# Isle of Wight hard water



## Betapak (Jul 25, 2013)

Had a quick search but couldn't see any similar threads. Thought i would put some pictures up of the hard water and limescale we have to deal with on the Isle of Wight.









Has anyone else got any experiences with bad limescale build up?


----------



## glevum (Apr 4, 2013)

That is some serious scale build up there. I thought Severn Trent was bad


----------



## glevum (Apr 4, 2013)

Welcome to CFUK by the way!


----------



## Betapak (Jul 25, 2013)

Thanks for the welcome. It certainly keeps us busy and we have a cupboard full of descaler at all times


----------



## glevum (Apr 4, 2013)

When the water is that hard i suppose Brita cartridges dont help much or do they?


----------



## Betapak (Jul 25, 2013)

They do help but the frequency of replacement is very short so it becomes quite costly.


----------



## Glenn (Jun 14, 2008)

What machine is that?


----------



## Charliej (Feb 25, 2012)

glevum said:


> When the water is that hard i suppose Brita cartridges dont help much or do they?

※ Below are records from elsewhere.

definition parallel :: "complex \<Rightarrow> complex \<Rightarrow> bool" where
  "parallel u v \<longleftrightarrow> (\<exists>c::real. u = c *\<^sub>R v \<or> v = c *\<^sub>R u)"

end

theory Submission
  imports Defs
begin

(* F(alpha, beta) is the image of the diagonal point (gamma beta, gamma beta) under the circle action
   (z1, z2) -> (e^(i alpha) z1, e^(-i alpha) z2) / sqrt 2, which is injective, linear and scales omega
   by 1/2. Hence dF maps h to this action applied to h1 (i gamma, -i gamma) + h2 (gamma', gamma'),
   an antidiagonal plus a diagonal vector; all such vectors are omega-orthogonal, so F is a
   Lagrangian immersion.
   If F(alpha1, beta1) = F(alpha2, beta2), multiplying the two coordinates gives
   gamma(beta1)^2 = gamma(beta2)^2. Since gamma is simple, either the parameters agree on the torus,
   or gamma(beta1) = -gamma(beta2) and alpha1 = alpha2 + pi. In the second case the two circle actions
   differ by a sign, so d/dalpha F agrees on both sheets; the two tangent planes share a line and span
   at most 3 real dimensions of C^2, and they coincide iff the diagonal vectors of gamma'(beta1) and
   gamma'(beta2) are parallel. *)

lemma exp_i_eq_iff_cong2pi:
  "exp (\<i> * complex_of_real x) = exp (\<i> * complex_of_real y) \<longleftrightarrow> cong2pi x y"
proof -
  have "exp (\<i> * complex_of_real x) = exp (\<i> * complex_of_real y) \<longleftrightarrow> sin x = sin y \<and> cos x = cos y"
    by (auto simp flip: cis_conv_exp simp: complex_eq_iff)
  also have "\<dots> \<longleftrightarrow> cong2pi x y"
    unfolding sin_cos_eq_iff cong2pi_def by (simp add: algebra_simps)
  finally show ?thesis .
qed

lemma exp_i_add_pi: "exp (\<i> * complex_of_real (x + pi)) = - exp (\<i> * complex_of_real x)"
  by (simp add: algebra_simps exp_add)

lemma cong2pi_add_pi_iff:
  "cong2pi x (y + pi) \<longleftrightarrow> exp (\<i> * complex_of_real x) = - exp (\<i> * complex_of_real y)"
  by (simp flip: exp_i_eq_iff_cong2pi exp_i_add_pi)

definition circle_action :: "real \<Rightarrow> complex \<times> complex \<Rightarrow> complex \<times> complex" where
  "circle_action a u = (exp (\<i> * of_real a) * fst u / of_real (sqrt 2),
                        exp (- \<i> * of_real a) * snd u / of_real (sqrt 2))"

lemma Fmap_eq_circle_action: "Fmap g (a, b) = circle_action a (g b, g b)"
  by (simp add: Fmap_def circle_action_def mult.commute)

lemma bounded_linear_circle_action: "bounded_linear (circle_action a)"
  unfolding circle_action_def
  by (intro bounded_linear_Pair bounded_linear_compose[OF bounded_linear_divide]
      bounded_linear_compose[OF bounded_linear_mult_right] bounded_linear_fst bounded_linear_snd)

lemma inj_circle_action: "inj (circle_action a)"
  by (rule injI) (simp add: circle_action_def prod_eq_iff)

lemma circle_action_add_pi: "circle_action (a + pi) u = - circle_action a u"
proof -
  have "exp (- \<i> * complex_of_real (a + pi)) = exp (- \<i> * complex_of_real a) * exp (- (\<i> * pi))"
    by (simp add: algebra_simps flip: exp_add)
  also have "\<dots> = - exp (- \<i> * complex_of_real a)"
    by (simp add: exp_minus)
  finally have "exp (- \<i> * complex_of_real (a + pi)) = - exp (- \<i> * complex_of_real a)" .
  then show ?thesis
    unfolding circle_action_def exp_i_add_pi by simp
qed

lemma circle_action_cong: "cong2pi a a' \<Longrightarrow> circle_action a = circle_action a'"
proof -
  assume "cong2pi a a'"
  then have "exp (\<i> * complex_of_real a) = exp (\<i> * complex_of_real a')"
    by (simp add: exp_i_eq_iff_cong2pi)
  moreover have "exp (- \<i> * complex_of_real t) = inverse (exp (\<i> * complex_of_real t))" for t
    by (simp add: exp_minus)
  ultimately show ?thesis by (simp add: circle_action_def fun_eq_iff)
qed

lemma cnj_mult_unit_scaled:
  assumes "cnj E * E = 1"
  shows "cnj (E * z / of_real (sqrt 2)) * (E * w / of_real (sqrt 2)) = cnj z * w / 2"
proof -
  have "cnj (E * z / of_real (sqrt 2)) * (E * w / of_real (sqrt 2))
      = cnj z * w * (cnj E * E) / (of_real (sqrt 2) * of_real (sqrt 2))"
    by (simp add: field_simps)
  also have "\<dots> = cnj z * w / 2"
    using assms by (simp flip: of_real_mult)
  finally show ?thesis .
qed

lemma omega_circle_action: "omega (circle_action a u) (circle_action a v) = omega u v / 2"
proof -
  have unit: "cnj (exp (\<i> * complex_of_real a)) * exp (\<i> * complex_of_real a) = 1"
    "cnj (exp (- \<i> * complex_of_real a)) * exp (- \<i> * complex_of_real a) = 1"
    by (simp_all add: exp_cnj flip: exp_add)
  show ?thesis
    unfolding omega_def circle_action_def fst_conv snd_conv
      cnj_mult_unit_scaled[OF unit(1)] cnj_mult_unit_scaled[OF unit(2)]
    by (simp add: field_simps)
qed

lemma omega_antidiagonal_diagonal:
  "omega (x *\<^sub>R (u, - u) + y *\<^sub>R (w, w)) (x' *\<^sub>R (u, - u) + y' *\<^sub>R (w, w)) = 0"
  by (simp add: omega_def algebra_simps)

 I'd guess a miners pick and lamp would help more, or you could watch the Mythbusters episode where they test ways to remove left over concrete from concrete mixer trucks !!!


----------



## garydyke1 (Mar 9, 2011)

Time for reverse osmosis


----------



## Betapak (Jul 25, 2013)

Glenn said:


> What machine is that?


Its actually two machines, I cant remember the top left tank but the other three are from a wall mounted Zip hydroboil water boiler. We had quite a large amount from a gaggia gd compact last week, I will try and find the pictures.



Charliej said:


> I'd guess a miners pick and lamp would help more, or you could watch the Mythbusters episode where they test ways to remove left over concrete from concrete mixer trucks !!!


Some of this stuff is seriously hard, I envy nice sand like scale!



garydyke1 said:


> Time for reverse osmosis


Thats not something that could be plumbed inline though is it Gary?


----------



## Betapak (Jul 25, 2013)

This is two photos from the element failure Gaggia GD compact we carried out work on.


----------